As she set up a table for her polish and rags, she worried the mathematics issue like a bad tooth. Instructor Hillbrand had never cared how she reached her answers. From the time she was very small, she had known the answer to any mathematics problem, long before the other children. She had been the wonder of the district and Father’s darling. Instructor Hillbrand had even spoken of university training when she was older, though Father always said it would cost too much.

Then came Instructor Park, educated at the great university in Carthak. His mathematics for older students involved letters as well as numbers. There were steps toward the solution, and each student must do the steps as well as answer the problem. He would not accept the answer alone.

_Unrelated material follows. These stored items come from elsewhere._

lemma inner_M_le_normM: "x \<bullet> M y \<le> normM M x * normM M y"
proof (rule power2_le_imp_le)
  show "(x \<bullet> M y)\<^sup>2 \<le> (normM M x * normM M y)\<^sup>2"
    using quad_Cauchy_Schwarz by (simp add: power_mult_distrib normM_power2)
qed (simp add: normM_nonneg)

lemma normM_triangle_ineq: "normM M (x + y) \<le> normM M x + normM M y"
proof (rule power2_le_imp_le)
  have "(normM M (x + y))\<^sup>2 = (normM M x)\<^sup>2 + (normM M y)\<^sup>2 + 2 * (x \<bullet> M y)"
    by (simp add: normM_power2 quad_add)
  also have "\<dots> \<le> (normM M x + normM M y)\<^sup>2"
    using inner_M_le_normM[of x y] by (simp add: power2_sum)
  finally show "(normM M (x + y))\<^sup>2 \<le> (normM M x + normM M y)\<^sup>2" .
qed (simp add: normM_nonneg)

lemma normM_scaleR: "normM M (c *\<^sub>R x) = \<bar>c\<bar> * normM M x"
  unfolding normM_def quad_scaleR by (simp add: real_sqrt_mult)

lemma normM_minus_commute: "normM M (x - y) = normM M (y - x)"
  using normM_scaleR[of "-1" "x - y"] by simp

lemma normM_diff_triangle_ineq: "normM M (x - z) \<le> normM M (x - y) + normM M (y - z)"
  using normM_triangle_ineq[of "x - y" "y - z"] by simp

lemma normM_convex_combination_power2:
  "(normM M ((1 - g) *\<^sub>R x + g *\<^sub>R y))\<^sup>2
     = (1 - g) * (normM M x)\<^sup>2 + g * (normM M y)\<^sup>2 - g * (1 - g) * (normM M (x - y))\<^sup>2"
  unfolding normM_power2 quad_add quad_diff quad_scaleR M_scaleR inner_scaleR_left inner_scaleR_right
  by (simp add: power2_eq_square algebra_simps)
lemma lambda_min_attained:
  obtains x0 where "norm x0 = 1" "lambda_min M = x0 \<bullet> M x0"
    and "\<And>x. norm x = 1 \<Longrightarrow> lambda_min M \<le> x \<bullet> M x"
proof -
  have "continuous_on (sphere 0 1) (\<lambda>x. x \<bullet> M x)"
    by (intro continuous_intros continuous_on_M)
  moreover have "sphere (0::'a) 1 \<noteq> {}" by simp
  ultimately obtain x0 where x0: "x0 \<in> sphere 0 1" "\<forall>x\<in>sphere 0 1. x0 \<bullet> M x0 \<le> x \<bullet> M x"
    using continuous_attains_inf[OF compact_sphere] by blast
  have "lambda_min M = x0 \<bullet> M x0"
    unfolding lambda_min_def by (rule cInf_eq_minimum) (use x0 in auto)
  with x0 show ?thesis using that by auto
qed

lemma lambda_min_pos: "0 < lambda_min M"
proof -
  obtain x0 where "norm x0 = 1" "lambda_min M = x0 \<bullet> M x0"
    using lambda_min_attained by blast
  moreover have "x0 \<noteq> 0" using \<open>norm x0 = 1\<close> by auto
  ultimately show ?thesis using quad_pos[of x0] by simp
qed

lemma lambda_min_le_quad: "lambda_min M * (norm x)\<^sup>2 \<le> x \<bullet> M x"
proof (cases "x = 0")
  case False
  have "lambda_min M \<le> (x /\<^sub>R norm x) \<bullet> M (x /\<^sub>R norm x)"
    using lambda_min_attained False by (metis norm_sgn sgn_div_norm)
  also have "\<dots> = (x \<bullet> M x) / (norm x)\<^sup>2"
    unfolding quad_scaleR by (simp add: field_simps)
  finally show ?thesis using False by (simp add: field_simps)
qed (simp add: M_0)

lemma sqrt_lambda_min_norm_le_normM: "sqrt (lambda_min M) * norm x \<le> normM M x"
  unfolding normM_def using lambda_min_le_quad[of x]
  by (metis real_sqrt_le_mono real_sqrt_mult real_sqrt_abs abs_norm_cancel)

lemma quad_le_norm_power2:
  assumes "lambda_max M = 1"
  shows "x \<bullet> M x \<le> (norm x)\<^sup>2"
proof (cases "x = 0")
  case False
  obtain K where K: "\<And>y. norm (M y) \<le> norm y * K"
    using linear_M linear_conv_bounded_linear bounded_linear.bounded by metis
  have "bdd_above {y \<bullet> M y | y. norm y = 1}"
  proof (rule bdd_aboveI)
    fix q assume "q \<in> {y \<bullet> M y | y. norm y = 1}"
    then obtain y where "q = y \<bullet> M y" "norm y = 1" by blast
    then show "q \<le> K" using norm_cauchy_schwarz[of y "M y"] K[of y] by simp
  qed
  moreover have "norm (x /\<^sub>R norm x) = 1" using False by simp
  ultimately have "(x /\<^sub>R norm x) \<bullet> M (x /\<^sub>R norm x) \<le> lambda_max M"
    unfolding lambda_max_def by (intro cSup_upper) blast+
  then show ?thesis
    using assms False unfolding quad_scaleR by (simp add: field_simps)
qed (simp add: M_0)

lemma normM_le_norm: "lambda_max M = 1 \<Longrightarrow> normM M x \<le> norm x"
  unfolding normM_def by (metis quad_le_norm_power2 real_sqrt_le_mono real_sqrt_abs abs_norm_cancel)

lemma norm_M_le_normM:
  assumes "lambda_max M = 1"
  shows "norm (M x) \<le> normM M x"
proof (cases "M x = 0")
  case False
  have "(norm (M x))\<^sup>2 = x \<bullet> M (M x)"
    by (simp add: inner_M_commute[of x "M x"] power2_norm_eq_inner)
  then have "(norm (M x))\<^sup>2 * (norm (M x))\<^sup>2 = (x \<bullet> M (M x))\<^sup>2"
    by (simp add: power2_eq_square)
  also have "\<dots> \<le> (x \<bullet> M x) * (M x \<bullet> M (M x))" by (rule quad_Cauchy_Schwarz)
  also have "\<dots> \<le> (x \<bullet> M x) * (norm (M x))\<^sup>2"
    using quad_le_norm_power2[OF assms] quad_nonneg by (intro mult_left_mono)
  finally have "(norm (M x))\<^sup>2 \<le> x \<bullet> M x"
    by (rule mult_right_le_imp_le) (use False in simp)
  then have "(norm (M x))\<^sup>2 \<le> (normM M x)\<^sup>2"
    by (simp add: normM_power2)
  then show ?thesis by (rule power2_le_imp_le) (rule normM_nonneg)
qed (simp add: normM_nonneg)

lemma norm_le_normM_div_lambda_min:
  assumes "lambda_max M = 1"
  shows "norm x \<le> normM M x / lambda_min M"
proof -
  obtain x0 where "norm x0 = 1" "lambda_min M = x0 \<bullet> M x0"
    using lambda_min_attained by blast
  then have "lambda_min M \<le> 1" using quad_le_norm_power2[OF assms, of x0] by simp
  then have "lambda_min M \<le> sqrt (lambda_min M)"
    using lambda_min_pos by (simp add: real_le_rsqrt power2_eq_square mult_left_le_one_le)
  then have "lambda_min M * norm x \<le> normM M x"
    using sqrt_lambda_min_norm_le_normM[of x] by (meson mult_right_mono norm_ge_zero order_trans)
  then show ?thesis using lambda_min_pos by (simp add: field_simps)
qed

lemma distM_le: "d \<in> D \<Longrightarrow> distM M z D \<le> normM M (d - z)"
  unfolding distM_def by (rule cInf_lower) (auto intro: bdd_belowI[of _ 0] normM_nonneg)

lemma distM_nonneg: "D \<noteq> {} \<Longrightarrow> 0 \<le> distM M z D"
  unfolding distM_def by (rule cInf_greatest) (auto simp: normM_nonneg)

lemma distM_attained:
  assumes "closed S" "S \<noteq> {}"
  obtains p where "p \<in> S" "distM M z S = normM M (p - z)"
proof -
  obtain d0 where d0: "d0 \<in> S" using assms(2) by blast
  define K where "K = S \<inter> {d. normM M (d - z) \<le> normM M (d0 - z)}"
  have "K \<subseteq> cball z (normM M (d0 - z) / sqrt (lambda_min M))"
  proof
    fix d assume "d \<in> K"
    then have "sqrt (lambda_min M) * norm (d - z) \<le> normM M (d0 - z)"
      using sqrt_lambda_min_norm_le_normM[of "d - z"] unfolding K_def by auto
    then show "d \<in> cball z (normM M (d0 - z) / sqrt (lambda_min M))"
      using lambda_min_pos by (simp add: dist_norm norm_minus_commute field_simps)
  qed
  moreover have "closed K"
    unfolding K_def using assms(1)
    by (intro closed_Int closed_Collect_le continuous_on_normM continuous_on_const)
  ultimately have "compact K"
    by (meson bounded_cball bounded_subset compact_eq_bounded_closed)
  moreover have "K \<noteq> {}" using d0 unfolding K_def by blast
  ultimately obtain p where p: "p \<in> K" "\<forall>d\<in>K. normM M (p - z) \<le> normM M (d - z)"
    using continuous_attains_inf[OF _ _ continuous_on_normM] by blast
  have "normM M (p - z) \<le> normM M (d - z)" if "d \<in> S" for d
  proof (cases "d \<in> K")
    case False
    then show ?thesis using p(1) that unfolding K_def by auto
  qed (use p in blast)
  then have "distM M z S = normM M (p - z)"
    unfolding distM_def using p(1) unfolding K_def by (intro cInf_eq_minimum) auto
  with p(1) show ?thesis using that unfolding K_def by blast
qed

lemma distM_le_add_normM:
  assumes "closed S" "S \<noteq> {}"
  shows "distM M x S \<le> distM M y S + normM M (x - y)"
proof -
  obtain p where "p \<in> S" "distM M y S = normM M (p - y)"
    using distM_attained[OF assms] .
  then show ?thesis
    using distM_le[of p S x] normM_diff_triangle_ineq[of p x y] normM_minus_commute[of y x] by simp
qed

lemma distM_convex_combination_le:
  assumes "convex S" "closed S" "S \<noteq> {}" "0 \<le> g" "g \<le> 1"
  shows "distM M ((1 - g) *\<^sub>R x + g *\<^sub>R y) S \<le> (1 - g) * distM M x S + g * distM M y S"
proof -
  obtain p q where p: "p \<in> S" "distM M x S = normM M (p - x)"
    and q: "q \<in> S" "distM M y S = normM M (q - y)"
    using distM_attained[OF assms(2,3)] by metis
  have "(1 - g) *\<^sub>R p + g *\<^sub>R q \<in> S"
    using assms p q by (intro convexD) auto
  moreover have "(1 - g) *\<^sub>R p + g *\<^sub>R q - ((1 - g) *\<^sub>R x + g *\<^sub>R y)
      = (1 - g) *\<^sub>R (p - x) + g *\<^sub>R (q - y)"
    by (simp add: algebra_simps)
  ultimately have "distM M ((1 - g) *\<^sub>R x + g *\<^sub>R y) S
      \<le> normM M ((1 - g) *\<^sub>R (p - x) + g *\<^sub>R (q - y))"
    using distM_le by metis
  also have "\<dots> \<le> (1 - g) * normM M (p - x) + g * normM M (q - y)"
    using normM_triangle_ineq[of "(1 - g) *\<^sub>R (p - x)" "g *\<^sub>R (q - y)"] assms(4,5)
    by (simp add: normM_scaleR)
  finally show ?thesis using p q by simp
qed

lemma distM_eq_nearest:
  assumes "p \<in> D" "\<And>d. d \<in> D \<Longrightarrow> normM M (p - z) \<le> normM M (d - z)"
  shows "distM M z D = normM M (p - z)"
  unfolding distM_def by (rule cInf_eq_minimum) (use assms in auto)

end

section \<open>Maximal monotone operators and Minty's theorem\<close>

lemma maximal_monotone_memI:
  assumes max: "maximal_monotone T"
    and mono_with: "\<And>a b. b \<in> T a \<Longrightarrow> 0 \<le> (x - a) \<bullet> (v - b)"
  shows "v \<in> T x"
proof -
  define S where "S y = (if y = x then insert v (T y) else T y)" for y
  have mono_T: "monotone_op T" using max unfolding maximal_monotone_def by blast
  have in_S: "u \<in> S y \<longleftrightarrow> u \<in> T y \<or> (y = x \<and> u = v)" for u y
    unfolding S_def by auto
  have mono_with': "0 \<le> (a - x) \<bullet> (b - v)" if "b \<in> T a" for a b
    using mono_with[OF that] by (metis inner_minus_left inner_minus_right minus_diff_eq)
  have "0 \<le> (y1 - y2) \<bullet> (u1 - u2)" if "u1 \<in> S y1" "u2 \<in> S y2" for y1 y2 u1 u2
    using that mono_T unfolding in_S monotone_op_def
    by (elim disjE conjE) (simp_all add: mono_with mono_with')
  then have "monotone_op S" unfolding monotone_op_def by blast
  moreover have "T y \<subseteq> S y" for y unfolding S_def by auto
  ultimately have "S = T" using max unfolding maximal_monotone_def by blast
  moreover have "v \<in> S x" unfolding S_def by simp
  ultimately show ?thesis by simp
qed

lemma zeros_eq_Inter_halfspaces:
  assumes "maximal_monotone T"
  shows "zeros T = (\<Inter>(a, b)\<in>{(a, b). b \<in> T a}. {z. b \<bullet> z \<le> b \<bullet> a})"
proof -
  have "0 \<in> T z \<longleftrightarrow> (\<forall>a b. b \<in> T a \<longrightarrow> 0 \<le> (z - a) \<bullet> (0 - b))" for z
    using assms maximal_monotone_memI[OF assms, of z 0]
    unfolding maximal_monotone_def monotone_op_def by force
  then show ?thesis
    unfolding zeros_def by (auto simp: inner_diff_left inner_diff_right inner_commute)
qed

lemma closed_zeros: "maximal_monotone T \<Longrightarrow> closed (zeros T)"
  by (subst zeros_eq_Inter_halfspaces) (auto intro!: closed_halfspace_le)

lemma convex_zeros: "maximal_monotone T \<Longrightarrow> convex (zeros T)"
  by (subst zeros_eq_Inter_halfspaces) (auto intro!: convex_INT convex_halfspace_le)

lemma double_sum_monotone_nonpos:
  fixes a b :: "'i \<Rightarrow> 'a::real_inner"
  assumes l: "\<And>i. i \<in> I \<Longrightarrow> 0 \<le> l i"
    and mono: "\<And>i j. i \<in> I \<Longrightarrow> j \<in> I \<Longrightarrow> 0 \<le> (a i - a j) \<bullet> (b i - b j)"
  shows "(\<Sum>i\<in>I. \<Sum>j\<in>I. l i * l j * ((a j - a i) \<bullet> b i)) \<le> 0"
proof -
  define Q where "Q = (\<Sum>i\<in>I. \<Sum>j\<in>I. l i * l j * ((a j - a i) \<bullet> b i))"
  have swapped: "Q = (\<Sum>i\<in>I. \<Sum>j\<in>I. l i * l j * ((a i - a j) \<bullet> b j))"
    unfolding Q_def by (subst sum.swap) (simp add: mult.commute mult.left_commute)
  have "Q + Q = (\<Sum>i\<in>I. \<Sum>j\<in>I. l i * l j * ((a j - a i) \<bullet> b i + (a i - a j) \<bullet> b j))"
    by (subst (2) swapped) (simp add: Q_def sum.distrib[symmetric] distrib_left)
  also have "\<dots> = (\<Sum>i\<in>I. \<Sum>j\<in>I. - (l i * l j * ((a i - a j) \<bullet> (b i - b j))))"
    by (intro sum.cong refl) (simp add: algebra_simps)
  also have "\<dots> \<le> 0"
    using l mono by (intro sum_nonpos) simp
  finally show ?thesis unfolding Q_def by simp
qed

lemma convex_combination_monotone_nonpos:
  fixes a b :: "'i \<Rightarrow> 'a::real_inner"
  assumes l: "\<And>i. i \<in> I \<Longrightarrow> 0 \<le> l i" "sum l I = 1"
    and mono: "\<And>i j. i \<in> I \<Longrightarrow> j \<in> I \<Longrightarrow> 0 \<le> (a i - a j) \<bullet> (b i - b j)"
  shows "(\<Sum>i\<in>I. l i * (((\<Sum>j\<in>I. l j *\<^sub>R a j) - a i) \<bullet> (b i - y))) \<le> 0"
proof -
  have "(\<Sum>j\<in>I. l j *\<^sub>R a j) - a i = (\<Sum>j\<in>I. l j *\<^sub>R (a j - a i))" for i
    using l(2) by (simp add: scaleR_diff_right sum_subtractf scaleR_sum_left[symmetric])
  then have "(\<Sum>i\<in>I. l i * (((\<Sum>j\<in>I. l j *\<^sub>R a j) - a i) \<bullet> (b i - y)))
      = (\<Sum>i\<in>I. \<Sum>j\<in>I. l i * l j * ((a j - a i) \<bullet> (b i - y)))"
    by (simp add: inner_sum_left sum_distrib_left mult.assoc)
  also have "\<dots> \<le> 0"
    using double_sum_monotone_nonpos[of I l a "\<lambda>i. b i - y"] l(1) mono by simp
  finally show ?thesis .
qed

Adria polished an already shining lamp, crying again. She loved the new mathematics. The idea that letters could take the place of numbers opened a world of possibilities whose limits she could not see. Even after her scolding, she had asked the instructor about the mathematics that lay beyond their current studies. That conversation had not gone well.

“It is clever of you to deduce some of the future
applications, Adria,” he had said with a kind smile. “But you overreach. First you must work your way through this course, and learn the discipline of the mathematics I will cover in these three months. Since you are already having difficulties, you should concentrate on the work at hand.” As she had turned away, red with shame, he had added, “Besides, higher mathematics is taught at the universities. Surely your family prefers that you remain here, to work in their interest, on accounts.”

After the possibilities she had glimpsed, that answer was as bad in its way as any whipping Father might give her. It was as if she had seen a star-covered sky, only to have Instructor Park tie a blindfold over her eyes.

She picked up another lamp and wiped her face on her sleeve again. That was when she heard a voice say, “Don’t cry.”

She gasped and looked around, frantic. “Who’s there?”

“Me,” the voice replied. It was a very small voice, and childlike.

Adria searched the big storeroom, forgetting the lamp in her hand. Unless the child, or any of the clerks who wanted to make fun of her, had packed himself in a crate or turned himself into a fancy jar or box, she was alone. Trembling, she went back to her rags and polish.

Doomed to be switched and mad as a rat in a trap, she thought as she scrubbed at a tarnished spot on the lamp.

“Why sad?” asked the voice.

She dropped the lamp. The lid rolled off into the shadows.

“Ow,” the voice said.

Adria stared as smoke oozed out of the lamp. No, she thought, too fascinated to run or shriek. It wasn’t smoke. It was more like liquid, but it was liquid that kept to a roundish shape, without sending random trickles outward.